#### EXERCISE AIM:
Return the lines below that contain the word "blast".

#### DATA FOR THIS EXERCISE:

§

lemma sets_row_count_gt:
  assumes "i < m"
  shows "{X \<in> space P. t < real (card {k \<in> {i} \<times> {..<n}. X k \<noteq> 0})} \<in> events"
proof -
  have "{i} \<times> {..<n} \<subseteq> idx m n"
    using assms by (auto simp: idx_def)
  from card_nonzero_measurable[OF this] show ?thesis
    by measurable
qed

lemma C2_events_eq:
  assumes "0 < m"
  shows "{X \<in> space P. C2 m n X}
    = space P - (\<Union>i<m. {X \<in> space P. real n - (real m - 1) < real (card {k \<in> {i} \<times> {..<n}. X k \<noteq> 0})})"
  using assms by (auto simp: C2_iff not_le)

lemma sets_C2:
  assumes "0 < m"
  shows "{X \<in> space P. C2 m n X} \<in> events"
  unfolding C2_events_eq[OF assms] using sets_row_count_gt by blast

lemma sets_no_zero_nonzero_pair:
  assumes "i < m" "i' < m"
  shows "{X \<in> space P. \<forall>j\<in>{..<n}. \<not> (X (i, j) = 0 \<and> X (i', j) \<noteq> 0)} \<in> events"
  using assms by (simp add: idx_def) measurable

lemma C3_events_eq:
  "{X \<in> space P. C3 m n X}
    = space P - (\<Union>i<m. \<Union>i'\<in>{..<m} - {i}. {X \<in> space P. \<forall>j\<in>{..<n}. \<not> (X (i, j) = 0 \<and> X (i', j) \<noteq> 0)})"
  by (auto simp: C3_def)

lemma sets_C3: "{X \<in> space P. C3 m n X} \<in> events"
  unfolding C3_events_eq using sets_no_zero_nonzero_pair by blast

§

#### RESPONSE TO THIS EXERCISE:
  unfolding C2_events_eq[OF assms] using sets_row_count_gt by blast
  unfolding C3_events_eq using sets_no_zero_nonzero_pair by blast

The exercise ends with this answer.